How is IELTS Scored?

Each of the four subtests of the IELTS test (Listening, Reading Writing and Speaking) is scored separately and converted into band scores from  0–9, with 9 being the highest score. Half scores (for example, 4.5/5.5/6.5) are possible. The four individual scores are added and converted into an overall test score, again from 0–9, IELTS determine all, final calculations. 

Assessment of the four, individual IELTS subtests 

Listening – There are 40 questions, so your score is out of a possible 40. This score is then converted to a band score between 0 and 9.

Reading – As for Listening, there are 40 questions, and your score out of 40 is converted into a band score between 0 and 9.

Writing – There are two writing tasks (Task 1 and Task 2), and each task is scored from 0 to 9 on four assessment criteria, by a trained, IELTS assessor. The two sets of four individual scores are converted into an overall score between 0 and 9 by computer.

The four assessment criteria for Writing Task 1 are; 

• Task Achievement (To what extent have you done what the task asked you to do?)

• Coherence/Cohesion (Is your answer well-organised, systematic, are sentences linked well and easy to follow?)

• Lexical Resource (Is your use of vocabulary appropriate, varied and accurate?)

• Grammatical Range/Accuracy (Are sentences complex as well as simple, and accurate?)
 

The four assessment criteria for Writing Task 2 are; 

• Task Response (Is your point of view clear, well-developed and relevant to what the question asks?)

• Coherence/Cohesion (Is your answer well-organised, systematic, are sentences linked well and easy to follow?)

• Lexical Resource (Is your use of vocabulary appropriate, varied and accurate?)

• Grammatical Range/Accuracy (Are sentences both simple and complex, and accurate?)


Speaking – Your interview performance is rated by a trained assessor using four assessment criteria. These individual scores are then converted by computer into an overall Speaking score between 0 and 9.


The four, assessment criteria for the Speaking test are:

• Fluency/Coherence (Do you speak fluently?

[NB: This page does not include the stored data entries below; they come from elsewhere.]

lemma blockY_add_Lmat_en:
  assumes Kt: "Kt \<in> carrier_mat n n" and x: "x \<in> carrier_vec n" and b: "b \<in> carrier_vec n"
  shows "blockY Kt a b e Yt + Lmat (bigK Kt) (stack_vec c x d) (unit_vec (n+2) (n+1))
    = blockY Kt (a + c) (b + x) e Yt"
proof (rule eq_matI)
  let ?v = "stack_vec c x d" and ?en = "unit_vec (n+2) (n+1)"
  have v: "?v \<in> carrier_vec (n+2)" by (rule stack_vec_carrier[OF x])
  have xs: "vstar Kt x \<in> carrier_vec n" by (rule vstar_carrier[OF Kt x])
  fix i j assume "i < dim_row (blockY Kt (a + c) (b + x) e Yt)" "j < dim_col (blockY Kt (a + c) (b + x) e Yt)"
  then have i: "i < n+2" and j: "j < n+2" using Kt by auto
  have entry: "(blockY Kt a b e Yt + Lmat (bigK Kt) ?v ?en) $$ (i,j)
      = blockY Kt a b e Yt $$ (i,j) + (?v $ i * bigK Kt $$ (Suc n,j) - ?en $ i * vstar (bigK Kt) ?v $ j)"
    using Kt i j index_Lmat[OF bigK_carrier[OF Kt] v _ i j, of ?en]
      index_vstar_smult_unit_vec[OF bigK_carrier[OF Kt], of "n+1" j 1]
    by (subst index_add_mat(1)) auto
  show "(blockY Kt a b e Yt + Lmat (bigK Kt) ?v ?en) $$ (i,j) = blockY Kt (a + c) (b + x) e Yt $$ (i,j)"
    unfolding entry vstar_bigK_stack_vec[OF Kt x]
    by (rule less_add2_cases[OF i]; rule less_add2_cases[OF j])
      (use x b xs in \<open>auto simp: index_blockY[OF Kt] index_bigK[OF Kt] index_stack_vec
         vstar_add_smult[OF Kt b x, of 1, simplified]\<close>)
qed (use Kt in auto)

lemma transpose_mult_vstar_orth_group:
  assumes Kt: "Kt \<in> carrier_mat n n" "transpose_mat Kt = Kt" and Pt: "Pt \<in> orth_group Kt"
    and x: "x \<in> carrier_vec n"
  shows "transpose_mat Pt *\<^sub>v vstar Kt (Pt *\<^sub>v x) = vstar Kt x"
proof -
  have P: "Pt \<in> carrier_mat n n" and orth: "transpose_mat Pt * Kt * Pt = Kt"
    using Pt Kt by (auto simp: orth_group_def)
  have "transpose_mat Pt *\<^sub>v vstar Kt (Pt *\<^sub>v x) = (transpose_mat Pt * Kt * Pt) *\<^sub>v x"
    unfolding vstar_def Kt(2) using Kt P x by (simp add: assoc_mult_mat_vec[of _ n n _ n])
  then show ?thesis using orth Kt by (simp add: vstar_def)
qed

lemma blockY_mult_diag_embed:
  assumes Kt: "Kt \<in> carrier_mat n n" "transpose_mat Kt = Kt" and Pt: "Pt \<in> orth_group Kt"
    and Yt: "Yt \<in> carrier_mat n n" "Yt' \<in> carrier_mat n n" and comm: "Yt' * Pt = Pt * Yt"
    and b: "b \<in> carrier_vec n" and e: "e \<in> carrier_vec n"
  shows "blockY Kt a (Pt *\<^sub>v b) (Pt *\<^sub>v e) Yt' * diag_embed n Pt = diag_embed n Pt * blockY Kt a b e Yt"
proof (rule eq_matI)
  have P: "Pt \<in> carrier_mat n n" using Pt Kt by (simp add: orth_group_def)
  fix i j assume "i < dim_row (diag_embed n Pt * blockY Kt a b e Yt)" "j < dim_col (diag_embed n Pt * blockY Kt a b e Yt)"
  then have i: "i < n+2" and j: "j < n+2" using Kt by auto
  have Pv: "(Pt *\<^sub>v x) $ m = (\<Sum>k<n. Pt $$ (m,k) * x $ k)" if "x \<in> carrier_vec n" "m < n" for x m
    by (rule index_mult_mat_vec_sum[OF P that])
  have YP: "(\<Sum>k<n. Yt' $$ (m,k) * Pt $$ (k,l)) = (\<Sum>k<n. Pt $$ (m,k) * Yt $$ (k,l))" if "m < n" "l < n" for m l
    using index_mult_mat_sum[OF Yt(2) P that] index_mult_mat_sum[OF P Yt(1) that] comm by simp
  have vP: "(\<Sum>k<n. - (vstar Kt (Pt *\<^sub>v x) $ k * Pt $$ (k,l))) = - vstar Kt x $ l"
    if "x \<in> carrier_vec n" "l < n" for x l
  proof -
    have "(\<Sum>k<n. vstar Kt (Pt *\<^sub>v x) $ k * Pt $$ (k,l)) = (transpose_mat Pt *\<^sub>v vstar Kt (Pt *\<^sub>v x)) $ l"
      using P Kt that
      by (subst index_mult_mat_vec_sum[of _ n n]) (auto simp: vstar_carrier mult.commute intro!: sum.cong)
    then show ?thesis
      using transpose_mult_vstar_orth_group[OF Kt Pt that(1)] by (simp add: sum_negf)
  qed
  show "(blockY Kt a (Pt *\<^sub>v b) (Pt *\<^sub>v e) Yt' * diag_embed n Pt) $$ (i,j) = (diag_embed n Pt * blockY Kt a b e Yt) $$ (i,j)"
    unfolding index_mult_mat_sum[OF blockY_carrier[OF Kt(1)] diag_embed_carrier i j]
      index_mult_mat_sum[OF diag_embed_carrier blockY_carrier[OF Kt(1)] i j] sum_lessThan_add2_split
    by (rule less_add2_cases[OF i]; rule less_add2_cases[OF j])
      (use b e in \<open>auto simp: index_diag_embed index_blockY[OF Kt(1)] Pv YP vP
         simp del: index_mult_mat_vec cong: sum.cong_simp\<close>)
qed (use Kt in auto)

lemma orth_group_stabilizer_eq_diag_embed:
  assumes Kt: "Kt \<in> carrier_mat n n" and P: "P \<in> orth_group (bigK Kt)"
    and fix_en: "P *\<^sub>v unit_vec (n+2) (n+1) = unit_vec (n+2) (n+1)"
    and y1: "y1 \<noteq> 0"
    and fix_y: "y1 \<cdot>\<^sub>v unit_vec (n+2) 0 = P *\<^sub>v (y1 \<cdot>\<^sub>v unit_vec (n+2) 0) + v0 \<cdot>\<^sub>v unit_vec (n+2) (n+1)"
  shows "P = diag_embed n (mid_block n P)"
proof -
  have PC: "P \<in> carrier_mat (n+2) (n+2)" and orth: "transpose_mat P * bigK Kt * P = bigK Kt"
    using P Kt by (auto simp: orth_group_def)
  have form_eq: "P $$ (0,i) * P $$ (Suc n,j) + P $$ (Suc n,i) * P $$ (0,j)
      + (\<Sum>k<n. \<Sum>l<n. P $$ (Suc k,i) * Kt $$ (k,l) * P $$ (Suc l,j)) = bigK Kt $$ (i,j)"
    if "i < n+2" "j < n+2" for i j
    using index_transpose_mult_bigK_mult[OF Kt PC that] orth by simp
  have col_last: "P $$ (i,Suc n) = (if i = Suc n then 1 else 0)" if "i < n+2" for i
    using arg_cong[OF fix_en, of "\<lambda>v. v $ i"] that PC by simp
  have col0_eq: "y1 * P $$ (i,0) + v0 * (if i = Suc n then 1 else 0) = (if i = 0 then y1 else 0)"
    if "i < n+2" for i
    using arg_cong[OF fix_y, of "\<lambda>v. v $ i"] that PC by (simp add: mult_mat_vec[OF PC]) (auto split: if_splits)
  \<comment> \<open>v0 absorbs P(n+1,0); that entry is forced to 0 by orthogonality below\<close>
  have col0: "P $$ (i,0) = (if i = 0 then 1 else 0)" if "i < n+1" for i
    using col0_eq[of i] that y1 by (auto split: if_splits)
  have P_n0: "P $$ (Suc n,0) = 0"
    using form_eq[of 0 0] col0 by (simp add: index_bigK[OF Kt])
  have row0: "P $$ (0,Suc k) = 0" if "k < n" for k
    using form_eq[of "Suc k" "Suc n"] that col_last col0 by (simp add: index_bigK[OF Kt])
  have row_last: "P $$ (Suc n,Suc k) = 0" if "k < n" for k
    using form_eq[of "Suc k" 0] that col0 P_n0 by (simp add: index_bigK[OF Kt])
  show ?thesis
    by (rule diag_embed_mid_block[OF PC, symmetric]) (use col0 col_last P_n0 row0 row_last in auto)
qed

lemma orth_group_left_inverse:
  assumes Kt: "Kt \<in> carrier_mat n n" "Kt * Kt = 1\<^sub>m n" and P: "P \<in> orth_group Kt"
  shows "Kt * transpose_mat P * Kt * P = 1\<^sub>m n"
proof -
  have PC: "P \<in> carrier_mat n n" and orth: "transpose_mat P * Kt * P = Kt"
    using P Kt by (auto simp: orth_group_def)
  have "Kt * transpose_mat P * Kt * P = Kt * (transpose_mat P * Kt * P)"
    using Kt PC by (simp add: assoc_mult_mat[of _ n n _ n _ n])
  then show ?thesis using orth Kt by simp
qed

lemma similar_mat_wit_iff_mult_commute:
  fixes A B P Q :: "'a :: field mat"
  assumes carrier: "A \<in> carrier_mat n n" "B \<in> carrier_mat n n" "P \<in> carrier_mat n n" "Q \<in> carrier_mat n n"
    and QP: "Q * P = 1\<^sub>m n"
  shows "similar_mat_wit A B P Q \<longleftrightarrow> A * P = P * B"
proof -
  have PQ: "P * Q = 1\<^sub>m n" by (rule mat_mult_left_right_inverse[OF carrier(4,3) QP])
  have "A = P * B * Q \<longleftrightarrow> A * P = P * B"
  proof
    assume "A = P * B * Q"
    then have "A * P = P * B * (Q * P)" using carrier by (simp add: assoc_mult_mat[of _ n n _ n _ n])
    then show "A * P = P * B" using QP carrier by simp
  next
    assume "A * P = P * B"
    then have "A * P * Q = P * B * Q" by simp
    then show "A = P * B * Q" using PQ carrier by (simp add: assoc_mult_mat[of _ n n _ n _ n])
  qed
  then show ?thesis using carrier PQ QP by (simp add: similar_mat_wit_def)
qed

Is content of your answers easy to follow in terms of ideas and relevance?)

• Vocabulary (Is your use of vocabulary flexible, varied, appropriate?)

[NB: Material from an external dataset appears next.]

(* Let $d \geq 2$ and let $\varGamma$ be a lattice in $\mathbb{R}^d$. The map $\eta\colon \operatorname{SOS}(\varGamma)\to\mathbb{R}^\bullet/\mathbb{Q}^\bullet$, $R\mapsto[\alpha]$, where $\alpha$ is any element of $\operatorname{scal}_\varGamma(R)$ and $[\alpha]$ denotes its class in $\mathbb{R}^\bullet/\mathbb{Q}^\bullet$, is a group homomorphism with kernel $\operatorname{SOC}(\varGamma)$.
   Context: A lattice in $\mathbb{R}^d$ is a subgroup of the form $\mathbb{Z}b_1\oplus\cdots\oplus\mathbb{Z}b_d$ where $\{b_1,\dots,b_d\}$ is a basis of $\mathbb{R}^d$. Two lattices $\varGamma,\varGamma'$ are commensurate, written $\varGamma\sim\varGamma'$, if $\varGamma\cap\varGamma'$ has finite index both in $\varGamma$ and in $\varGamma'$. $\operatorname{SOC}(\varGamma)=\{R\in\operatorname{SO}(d):\varGamma\sim R\varGamma\}$ (coincidence rotations) and $\operatorname{SOS}(\varGamma)=\{R\in\operatorname{SO}(d):\varGamma\sim\alpha R\varGamma\text{ for some }\alpha>0\}$ (similarity rotations); both are subgroups of $\operatorname{SO}(d)$. For $R\in\operatorname{SO}(d)$, $\operatorname{scal}_\varGamma(R)=\{\alpha\in\mathbb{R}:\varGamma\sim\alpha R\varGamma\}$, which is nonempty for $R\in\operatorname{SOS}(\varGamma)$, and any two of its elements have rational ratio, so $\eta$ is well defined. $\mathbb{R}^\bullet$ and $\mathbb{Q}^\bullet$ denote the multiplicative groups of nonzero real and nonzero rational numbers. *)

theory Defs
  imports "HOL-Analysis.Analysis" "HOL-Algebra.Algebra"
begin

• Grammatical Range/Accuracy (Do you speak using accurate and varied grammar?)

• Pronunciation (Is your pronunciation easy to follow, with good stress, rhythm, intonation, chunking?)

Test Report Form

Your four scores for each part of the test and your final overall IELTS score are printed on your Test Report Form, which is usually available 2 weeks after your test date.

 

What if I think my IELTS score is not accurate?

You can pay a fee and ask IELTS to re-assess your subtests, but this does not guarantee a better score. For details of this process, visit the official IELTS website (www.ielts.org) 
 

What score do I need to achieve?

Universities, colleges, schools, professional bodies and government departments decide on the specific scores required, according to their own judgments of the language demands involved. You should check the details of any IELTS requirements you are being asked to achieve?